38 Pursuant to s 64(2) of the Compensation Act costs will be awarded in accordance with scale E in the County Court of Victoria. However, having regard to my comments with respect to the evidence of Dr Mendelson I propose to reserve the question whether I should allow that part of the applicant's costs that relates to the report by and evidence of Dr Mendelson. I am reserving that question because of the failure by the applicant to make a copy of Dr Mendelson's report available to the respondent and to the Tribunal prior to the hearing [cf Re Barton and Australian Broadcasting Commission (1982) 5 ALN No 26 and because of the fact that, for the reasons I have given, I have not been assisted by Dr Mendelson's evidence.

39 In an administrative review jurisdiction where there are no pleadings, it is of the utmost importance, in my view, to ensure that both sides are properly informed, before the hearing, as to the nature of the issues to be raised. The present case is a good illustration of the confusion created by the last minute production of a medical report which casts doubt upon the basis on which the case is presented for review.

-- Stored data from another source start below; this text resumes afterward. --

lemma AQ_gens_square:
  assumes gens: "a \<in> AQ_gens n" "b \<in> AQ_gens n" "c \<in> AQ_gens n" "d \<in> AQ_gens n"
    and distinct: "distinct [a, b, c, d]" and sum: "a \<oplus> b = c \<oplus> d"
  shows "\<exists>m\<ge>2. {a, b, c, d} = gen_square m"
proof -
  have mixed: "\<exists>m\<ge>2. {p, q, r, s} = gen_square m"
    if "p \<in> AQ_gens n" "q \<in> AQ_gens n" "r \<in> AQ_gens n" "s \<in> AQ_gens n"
      "p 1" "q 1" "\<not> r 1" "\<not> s 1" "r \<noteq> s" "p \<oplus> q = r \<oplus> s" for p q r s
  proof -
    note pqrs = that
    obtain i j k l where "p = prefix_vec i" "q = prefix_vec j" "r = unit_vec k" "s = unit_vec l"
      "1 \<le> i" "1 \<le> j"
      using AQ_gens_prefix_vec[OF pqrs(1,5)] AQ_gens_prefix_vec[OF pqrs(2,6)]
        AQ_gens_unit_vec[OF pqrs(3,7)] AQ_gens_unit_vec[OF pqrs(4,8)] by auto
    then show ?thesis
      using prefix_xor_prefix_eq_unit_xor_unit_square[of i j k l] pqrs
      by (intro exI[of _ "Suc (min i j)"]) simp
  qed
  have split: "\<exists>m\<ge>2. {p, q, r, s} = gen_square m"
    if "p \<in> AQ_gens n" "q \<in> AQ_gens n" "r \<in> AQ_gens n" "s \<in> AQ_gens n"
      "p 1 = q 1" "r 1 = s 1" "p 1 \<noteq> r 1" "p \<noteq> q" "r \<noteq> s" "p \<oplus> q = r \<oplus> s" for p q r s
  proof (cases "p 1")
    case True
    then show ?thesis
      using mixed[of p q r s] that by simp
  next
    case False
    then show ?thesis
      using mixed[of r s p q] that by (simp add: insert_commute)
  qed
  have not_uniform: "\<not> (a 1 = b 1 \<and> a 1 = c 1 \<and> a 1 = d 1)"
  proof
    assume same: "a 1 = b 1 \<and> a 1 = c 1 \<and> a 1 = d 1"
    show False
    proof (cases "a 1")
      case True
      then obtain i j k l where "a = prefix_vec i" "b = prefix_vec j" "c = prefix_vec k" "d = prefix_vec l"
        using True same AQ_gens_prefix_vec[OF gens(1)] AQ_gens_prefix_vec[OF gens(2)]
          AQ_gens_prefix_vec[OF gens(3)] AQ_gens_prefix_vec[OF gens(4)] by auto
      then show False
        using sum distinct prefix_xor_prefix_eq_prefix_xor_prefix_iff[of i j k l]
        by (auto simp: doubleton_eq_iff)
    next
      case False
      then obtain i j k l where "a = unit_vec i" "b = unit_vec j" "c = unit_vec k" "d = unit_vec l"
        using False same AQ_gens_unit_vec[OF gens(1)] AQ_gens_unit_vec[OF gens(2)]
          AQ_gens_unit_vec[OF gens(3)] AQ_gens_unit_vec[OF gens(4)] by auto
      then show False
        using sum distinct unit_xor_unit_eq_unit_xor_unit_iff[of k l i j]
        by (auto simp: doubleton_eq_iff)
    qed
  qed
  have parity: "(a 1 \<noteq> b 1) \<longleftrightarrow> (c 1 \<noteq> d 1)"
    using fun_cong[OF sum, of 1] by simp
  have sums: "a \<oplus> c = b \<oplus> d" "a \<oplus> d = b \<oplus> c"
    using sum by (auto simp: fun_eq_iff)
  consider "a 1 = b 1" "c 1 = d 1" "a 1 \<noteq> c 1" | "a 1 = c 1" "b 1 = d 1" "a 1 \<noteq> b 1"
    | "a 1 = d 1" "b 1 = c 1" "a 1 \<noteq> b 1"
    using parity not_uniform by blast
  then show ?thesis
  proof cases
    case 1
    then show ?thesis
      using split[of a b c d] gens distinct sum by simp
  next
    case 2
    then show ?thesis
      using split[of a c b d] gens distinct sums by (simp add: insert_commute)
  next
    case 3
    then show ?thesis
      using split[of a d b c] gens distinct sums by (simp add: insert_commute)
  qed
qed

section \<open>Common neighbours of generators\<close>

text \<open>This is \<open>R v\<close> above: the common neighbours of \<open>0\<close> and \<open>v\<close> in the Cayley graph.\<close>

definition gen_overlap :: "nat \<Rightarrow> (nat \<Rightarrow> bool) \<Rightarrow> (nat \<Rightarrow> bool) set" where
  "gen_overlap n v = AQ_gens n \<inter> (\<oplus>) v ` AQ_gens n"

lemma mem_gen_overlap_iff: "w \<in> gen_overlap n v \<longleftrightarrow> w \<in> AQ_gens n \<and> v \<oplus> w \<in> AQ_gens n"
  unfolding gen_overlap_def by (auto intro: image_eqI[of w _ "v \<oplus> w"])

lemma self_notin_gen_overlap: "v \<notin> gen_overlap n v"
  by (simp add: mem_gen_overlap_iff)

lemma finite_gen_overlap [simp]: "finite (gen_overlap n v)"
  by (simp add: gen_overlap_def)

lemma gen_overlap_subset_AQ_gens: "gen_overlap n v \<subseteq> AQ_gens n"
  by (simp add: gen_overlap_def)

lemma gen_overlap_prefix_vec_subset:
  assumes "1 \<le> j" "j \<le> n"
  shows "gen_overlap n (prefix_vec j) \<subseteq> {prefix_vec (j - 1), unit_vec j, prefix_vec (j + 1), unit_vec (j + 1)}"
proof
  fix w
  assume w: "w \<in> gen_overlap n (prefix_vec j)"
  then obtain k where "2 \<le> k" "{prefix_vec j, w} \<subseteq> gen_triangle k"
    using AQ_gens_xor_closed_triangle[of "prefix_vec j" n w] assms
    by (auto simp: mem_gen_overlap_iff)
  moreover have "w \<noteq> prefix_vec j"
    using w self_notin_gen_overlap by blast
  ultimately show "w \<in> {prefix_vec (j - 1), unit_vec j, prefix_vec (j + 1), unit_vec (j + 1)}"
    by (auto simp: gen_triangle_def)
qed

lemma gen_overlap_unit_vec_subset:
  assumes "2 \<le> j" "j \<le> n"
  shows "gen_overlap n (unit_vec j) \<subseteq> {prefix_vec (j - 1), prefix_vec j}"
proof
  fix w
  assume w: "w \<in> gen_overlap n (unit_vec j)"
  then obtain k where "2 \<le> k" "{unit_vec j, w} \<subseteq> gen_triangle k"
    using AQ_gens_xor_closed_triangle[of "unit_vec j" n w] assms
    by (auto simp: mem_gen_overlap_iff)
  moreover have "w \<noteq> unit_vec j"
    using w self_notin_gen_overlap by blast
  ultimately show "w \<in> {prefix_vec (j - 1), prefix_vec j}"
    using assms by (auto simp: gen_triangle_def)
qed

lemma card_le_length_if_subset: "A \<subseteq> set xs \<Longrightarrow> card A \<le> length xs"
  by (meson List.finite_set card_length card_mono order_trans)

lemma card_gen_overlap_unit_vec_le:
  assumes "2 \<le> j" "j \<le> n"
  shows "card (gen_overlap n (unit_vec j)) \<le> 2"
proof -
  have "card (gen_overlap n (unit_vec j)) \<le> length [prefix_vec (j - 1), prefix_vec j]"
    by (rule card_le_length_if_subset) (use gen_overlap_unit_vec_subset[OF assms] in simp)
  then show ?thesis
    by simp
qed

lemma card_gen_overlap_le:
  assumes "v \<in> AQ_gens n"
  shows "card (gen_overlap n v) \<le> 4"
proof (cases "v 1")
  case True
  then obtain j where j: "1 \<le> j" "j \<le> n" "v = prefix_vec j"
    using AQ_gens_prefix_vec[OF assms] by auto
  have "card (gen_overlap n (prefix_vec j))
      \<le> length [prefix_vec (j - 1), unit_vec j, prefix_vec (j + 1), unit_vec (j + 1)]"
    by (rule card_le_length_if_subset) (use gen_overlap_prefix_vec_subset[OF j(1,2)] in simp)
  then show ?thesis
    using j by simp
next
  case False
  then obtain j where "2 \<le> j" "j \<le> n" "v = unit_vec j"
    using AQ_gens_unit_vec[OF assms] by auto
  then show ?thesis
    using card_gen_overlap_unit_vec_le[of j n] by simp
qed

lemma card_gen_overlap_top_le:
  assumes "1 \<le> n"
  shows "card (gen_overlap n (prefix_vec n)) \<le> 2"
proof -
  have "gen_overlap n (prefix_vec n)
      \<subseteq> {prefix_vec (n - 1), unit_vec n, prefix_vec (n + 1), unit_vec (n + 1)} \<inter> AQ_gens n"
    using gen_overlap_prefix_vec_subset[OF assms order_refl] gen_overlap_subset_AQ_gens by blast
  also have "\<dots> \<subseteq> set [prefix_vec (n - 1), unit_vec n]"
    by auto
  finally have "card (gen_overlap n (prefix_vec n)) \<le> length [prefix_vec (n - 1), unit_vec n]"
    by (rule card_le_length_if_subset)
  then show ?thesis
    by simp
qed

lemma gen_overlap_xor_cases:
  assumes s: "s \<in> AQ_gens n" and t: "t \<in> AQ_gens n" and "s \<noteq> t"
    and w: "w \<in> gen_overlap n (s \<oplus> t)"
  shows "w \<in> {s, t} \<or> (\<exists>m\<ge>2. {s, t, w} \<subseteq> gen_square m)"
proof (cases "w \<in> {s, t}")
  case False
  define c where "c = s \<oplus> t \<oplus> w"
  have gens: "w \<in> AQ_gens n" "c \<in> AQ_gens n"
    using w by (simp_all add: mem_gen_overlap_iff c_def)
  have "c = s \<oplus> (t \<oplus> w)" "c = t \<oplus> (s \<oplus> w)" "c = w \<oplus> (s \<oplus> t)"
    by (simp_all add: c_def bit_xor_ac)
  then have "distinct [s, t, w, c]"
    using False \<open>s \<noteq> t\<close> by auto
  moreover have "s \<oplus> t = w \<oplus> c"
    by (simp add: c_def bit_xor_commute)
  ultimately obtain m where "m \<ge> 2" "{s, t, w, c} = gen_square m"
    using AQ_gens_square[OF s t gens] by blast
  then show ?thesis
    by auto
qed simp

lemma gen_square_unique:
  "s \<noteq> t \<Longrightarrow> {s, t} \<subseteq> gen_square m \<Longrightarrow> {s, t} \<subseteq> gen_square m' \<Longrightarrow> 2 \<le> m \<Longrightarrow> 2 \<le> m' \<Longrightarrow> m = m'"
  by (auto simp: gen_square_def)

lemma card_gen_overlap_xor_le:
  assumes s: "s \<in> AQ_gens n" and t: "t \<in> AQ_gens n" and st: "s \<noteq> t"
  shows "card (gen_overlap n (s \<oplus> t)) \<le> (if \<exists>m\<ge>2. {s, t} \<subseteq> gen_square m then 4 else 2)"
proof (cases "\<exists>m\<ge>2. {s, t} \<subseteq> gen_square m")
  case True
  then obtain m where m: "2 \<le> m" "{s, t} \<subseteq> gen_square m"
    by blast
  have "gen_overlap n (s \<oplus> t) \<subseteq> gen_square m"
  proof
    fix w
    assume "w \<in> gen_overlap n (s \<oplus> t)"
    from gen_overlap_xor_cases[OF s t st this] show "w \<in> gen_square m"
    proof
      assume "\<exists>m'\<ge>2. {s, t, w} \<subseteq> gen_square m'"
      then obtain m' where "2 \<le> m'" "{s, t, w} \<subseteq> gen_square m'"
        by blast
      moreover from this have "m' = m"
        using gen_square_unique[OF st _ m(2) _ m(1)] by blast
      ultimately show "w \<in> gen_square m"
        by blast
    qed (use m in blast)
  qed
  also have "\<dots> = set [prefix_vec (m - 1), unit_vec m, unit_vec (m + 1), prefix_vec (m + 1)]"
    by (simp add: gen_square_def)
  finally have "card (gen_overlap n (s \<oplus> t)) \<le> length [prefix_vec (m - 1), unit_vec m, unit_vec (m + 1), prefix_vec (m + 1)]"
    by (rule card_le_length_if_subset)
  then show ?thesis
    using True by simp
next
  case False
  then have "gen_overlap n (s \<oplus> t) \<subseteq> set [s, t]"
    using gen_overlap_xor_cases[OF s t st] by auto
  then have "card (gen_overlap n (s \<oplus> t)) \<le> length [s, t]"
    by (rule card_le_length_if_subset)
  then show ?thesis
    using False by simp
qed

lemma card_gen_overlap_Int_le:
  assumes s: "s \<in> AQ_gens n" and t: "t \<in> AQ_gens n" and st: "s \<noteq> t"
  shows "card (gen_overlap n s \<inter> gen_overlap n t) \<le> 1"
proof -
  have gens: "x \<in> AQ_gens n" "x \<noteq> v" if "x \<in> gen_overlap n v" for x v
    using that gen_overlap_subset_AQ_gens self_notin_gen_overlap by blast+
  have prefix_prefix: "x = y"
    if "1 \<le> i" "i \<le> n" "1 \<le> j" "j \<le> n" "i \<noteq> j"
      "x \<in> gen_overlap n (prefix_vec i) \<inter> gen_overlap n (prefix_vec j)"
      "y \<in> gen_overlap n (prefix_vec i) \<inter> gen_overlap n (prefix_vec j)" for i j x y
  proof -
    have "x \<in> {prefix_vec (i - 1), unit_vec i, prefix_vec (i + 1), unit_vec (i + 1)}"
      "x \<in> {prefix_vec (j - 1), unit_vec j, prefix_vec (j + 1), unit_vec (j + 1)}"
      "y \<in> {prefix_vec (i - 1), unit_vec i, prefix_vec (i + 1), unit_vec (i + 1)}"
      "y \<in> {prefix_vec (j - 1), unit_vec j, prefix_vec (j + 1), unit_vec (j + 1)}"
      using that gen_overlap_prefix_vec_subset[of i n] gen_overlap_prefix_vec_subset[of j n] by blast+
    moreover have "x \<in> AQ_gens n" "y \<in> AQ_gens n" "x \<noteq> prefix_vec i" "y \<noteq> prefix_vec i"
      "x \<noteq> prefix_vec j" "y \<noteq> prefix_vec j"
      using that gens by blast+
    ultimately show ?thesis
      using that(1-5) by auto
  qed
  have prefix_unit: "x = y"
    if "1 \<le> i" "i \<le> n" "2 \<le> j" "j \<le> n"
      "x \<in> gen_overlap n (prefix_vec i) \<inter> gen_overlap n (unit_vec j)"
      "y \<in> gen_overlap n (prefix_vec i) \<inter> gen_overlap n (unit_vec j)" for i j x y
  proof -
    have "x \<in> {prefix_vec (i - 1), unit_vec i, prefix_vec (i + 1), unit_vec (i + 1)}"
      "x \<in> {prefix_vec (j - 1), prefix_vec j}"
      "y \<in> {prefix_vec (i - 1), unit_vec i, prefix_vec (i + 1), unit_vec (i + 1)}"
      "y \<in> {prefix_vec (j - 1), prefix_vec j}"
      using that gen_overlap_prefix_vec_subset[of i n] gen_overlap_unit_vec_subset[of j n] by blast+
    moreover have "x \<in> AQ_gens n" "y \<in> AQ_gens n" "x \<noteq> prefix_vec i" "y \<noteq> prefix_vec i"
      using that gens by blast+
    ultimately show ?thesis
      using that(1-4) by auto
  qed
  have unit_unit: "x = y"
    if "2 \<le> i" "i \<le> n" "2 \<le> j" "j \<le> n" "i \<noteq> j"
      "x \<in> gen_overlap n (unit_vec i) \<inter> gen_overlap n (unit_vec j)"
      "y \<in> gen_overlap n (unit_vec i) \<inter> gen_overlap n (unit_vec j)" for i j x y
  proof -
    have "x \<in> {prefix_vec (i - 1), prefix_vec i}" "x \<in> {prefix_vec (j - 1), prefix_vec j}"
      "y \<in> {prefix_vec (i - 1), prefix_vec i}" "y \<in> {prefix_vec (j - 1), prefix_vec j}"
      using that gen_overlap_unit_vec_subset[of i n] gen_overlap_unit_vec_subset[of j n] by blast+
    then show ?thesis
      using that(1-5) by auto
  qed
  have "x = y" if "x \<in> gen_overlap n s \<inter> gen_overlap n t" "y \<in> gen_overlap n s \<inter> gen_overlap n t" for x y
  proof (cases "s 1"; cases "t 1")
    assume "s 1" "t 1"
    then obtain i j where "1 \<le> i" "i \<le> n" "s = prefix_vec i" "1 \<le> j" "j \<le> n" "t = prefix_vec j"
      using AQ_gens_prefix_vec[OF s] AQ_gens_prefix_vec[OF t] by auto
    then show ?thesis
      using prefix_prefix[of i j x y] that st by blast
  next
    assume "s 1" "\<not> t 1"
    then obtain i j where "1 \<le> i" "i \<le> n" "s = prefix_vec i" "2 \<le> j" "j \<le> n" "t = unit_vec j"
      using AQ_gens_prefix_vec[OF s] AQ_gens_unit_vec[OF t] by auto
    then show ?thesis
      using prefix_unit[of i j x y] that by blast
  next
    assume "\<not> s 1" "t 1"
    then obtain i j where "2 \<le> i" "i \<le> n" "s = unit_vec i" "1 \<le> j" "j \<le> n" "t = prefix_vec j"
      using AQ_gens_unit_vec[OF s] AQ_gens_prefix_vec[OF t] by auto
    then show ?thesis
      using prefix_unit[of j i x y] that by blast
  next
    assume "\<not> s 1" "\<not> t 1"
    then obtain i j where "2 \<le> i" "i \<le> n" "s = unit_vec i" "2 \<le> j" "j \<le> n" "t = unit_vec j"
      using AQ_gens_unit_vec[OF s] AQ_gens_unit_vec[OF t] by auto
    then show ?thesis
      using unit_unit[of i j x y] that st by blast
  qed
  then show ?thesis
    by (simp add: card_le_Suc0_iff_eq)
qed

40 I will give leave to both parties to submit a written submission to the Tribunal within 14 days from the date on which the decision in this matter is handed down as to whether the costs of Dr Mendelson's evidence should be allowed. If either party requests in its written submission that an opportunity for an oral hearing be allowed, I will consider convening a telephone hearing on a suitable date to hear final oral submissions on the question.

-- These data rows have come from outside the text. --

theorem proposition1:
  fixes \<nu> :: "'y measure" and mu :: "('t::topological_space) measure"
    and k :: "'t \<Rightarrow> 'y \<Rightarrow> real" and p :: "'y \<Rightarrow> real"
    and \<eta> \<kappa> a b :: real and h :: "'t \<Rightarrow> real"
  assumes sf: "sigma_finite_measure \<nu>"
    and k_meas: "(\<lambda>(\<theta>, y). k \<theta> y) \<in> borel_measurable (borel \<Otimes>\<^sub>M \<nu>)"
    and k_norm: "\<And>\<theta>. (\<integral>\<^sup>+ y. ennreal (k \<theta> y) \<partial>\<nu>) = 1"
    and p_meas: "p \<in> borel_measurable \<nu>"
    and k_pos: "\<And>\<theta> y. k \<theta> y > 0"
    and p_pos: "\<And>y. p y > 0"
    and p_int: "(\<integral>\<^sup>+ y. ennreal (p y) \<partial>\<nu>) < \<infinity>"
    and mu_prob: "prob_space mu" and mu_sets: "sets mu = sets borel"
    and eta_pos: "\<eta> > 0"
    and I: "a < 1" "1 < b"
    and D1: "\<And>\<alpha>. \<alpha> \<in> {a<..<b} \<Longrightarrow>
       (\<integral>\<^sup>+ y. (\<Squnion>\<theta>. ennreal (k \<theta> y)) *
                 (\<Squnion>\<theta>'. ennreal ((k \<theta>' y / p y) powr (\<alpha> - 1))) \<partial>\<nu>) < \<infinity>"
    and D2: "\<And>\<alpha>. \<alpha> \<in> {a<..<b} \<Longrightarrow>
       (\<integral>\<^sup>+ y. (\<Squnion>\<theta>. ennreal (k \<theta> y)) *
                 (\<Squnion>\<theta>'. ennreal \<bar>ln (k \<theta>' y / p y)\<bar>) *
                 (\<Squnion>\<theta>''. ennreal ((k \<theta>'' y / p y) powr (\<alpha> - 1))) \<partial>\<nu>) < \<infinity>"
    and D3: "\<And>\<alpha>. \<alpha> \<in> {a<..<b} \<Longrightarrow>
       (\<integral>\<^sup>+ y. (\<Sqinter>\<theta>. ennreal (k \<theta> y)) *
                 (\<Sqinter>\<theta>'. ennreal ((k \<theta>' y / p y) powr (\<alpha> - 1))) \<partial>\<nu>) > 0"
    and h_cont: "continuous_on UNIV h"
    and h_bdd: "bounded (range h)"
  shows "((\<lambda>\<alpha>. \<integral>\<theta>. h \<theta> \<partial>(PD_step \<nu> p k \<eta> \<kappa> \<alpha> mu))
           \<longlongrightarrow> (\<integral>\<theta>. h \<theta> \<partial>(PD_one \<nu> p k \<eta> mu)))
         (at 1 within {\<alpha> \<in> {a<..<b} - {1}. (\<alpha> - 1) * \<kappa> \<ge> 0})"
proof -
  define c where "c = min (1 - a) (b - 1) / 2"
  have "c > 0" and c_in: "1 + c \<in> {a<..<b}" "1 - c \<in> {a<..<b}"
    using I by (auto simp: c_def min_def field_simps)
  have "D2_integral \<nu> p k c < \<infinity>" "D2_integral \<nu> p k (-c) < \<infinity>"
    using D2[OF c_in(1)] D2[OF c_in(2)] by (simp_all add: D2_integral_def)
  then interpret power_descent_envelope \<nu> mu k p c
    using sf mu_prob k_meas k_norm p_meas k_pos p_pos mu_sets \<open>c > 0\<close>
    by (intro power_descent_envelope.intro power_descent_kernel.intro
        power_descent_kernel_axioms.intro power_descent_envelope_axioms.intro)
  have "h \<in> borel_measurable borel"
    using h_cont by (rule borel_measurable_continuous_onI)
  hence "((\<lambda>\<alpha>. \<integral>\<theta>. h \<theta> \<partial>PD_step \<nu> p k \<eta> \<kappa> \<alpha> mu) \<longlongrightarrow> (\<integral>\<theta>. h \<theta> \<partial>PD_one \<nu> p k \<eta> mu)) (at 1)"
    using h_bdd by (rule integral_PD_step_tendsto)
  thus ?thesis by (rule tendsto_within_subset) simp
qed

end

41 In conclusion, I should say that I have not found it necessary to deal with the submissions made by counsel as to where the onus of proof on particular issues in this matter was thought to lie. The rules as to onus of proof which have been judicially developed as a means of resolving the issues that arise in adversarial litigation are part of the rules of evidence [see Phipson on Evidence , 12th ed Chapter 4; cf Ladic v Capital Territory Health Commission (1982) 5 ALN No 45]. This Tribunal is expressly not bound by such rules [see s 33(1)(c) of the Administrative Appeals Tribunal Act 1975]. Whilst the Tribunal may be guided by the rules of evidence, a rigid adherence to judicial rules as to onus is incompatible, in my view, with the principles of administrative review by reference to which the Tribunal is required to exercise its functions (cf Drake v Minister for Immigration and Ethnic Affairs , supra) In this regard I respectfully agree with the observations of my colleague, Deputy President Todd in Re Holbrook and Australian Postal Commission (1983) 5 ALN No 35 (see para 23) which I adopt without repeating. It should not be assumed, therefore, that in exercising its administrative review functions in matters under the Compensation Act the Tribunal will regard itself as constrained by rules as to onus of proof in arriving at what is the right or preferable decision in a particular case. To what extent those rules, or more precisely the principles underlying them, may be relevant in proceedings before the Tribunal under the Compensation Act will need to be worked out as particular issues arise [cf Re Kevin and Minister for the Capital Territory (1979) 2 ALD 238].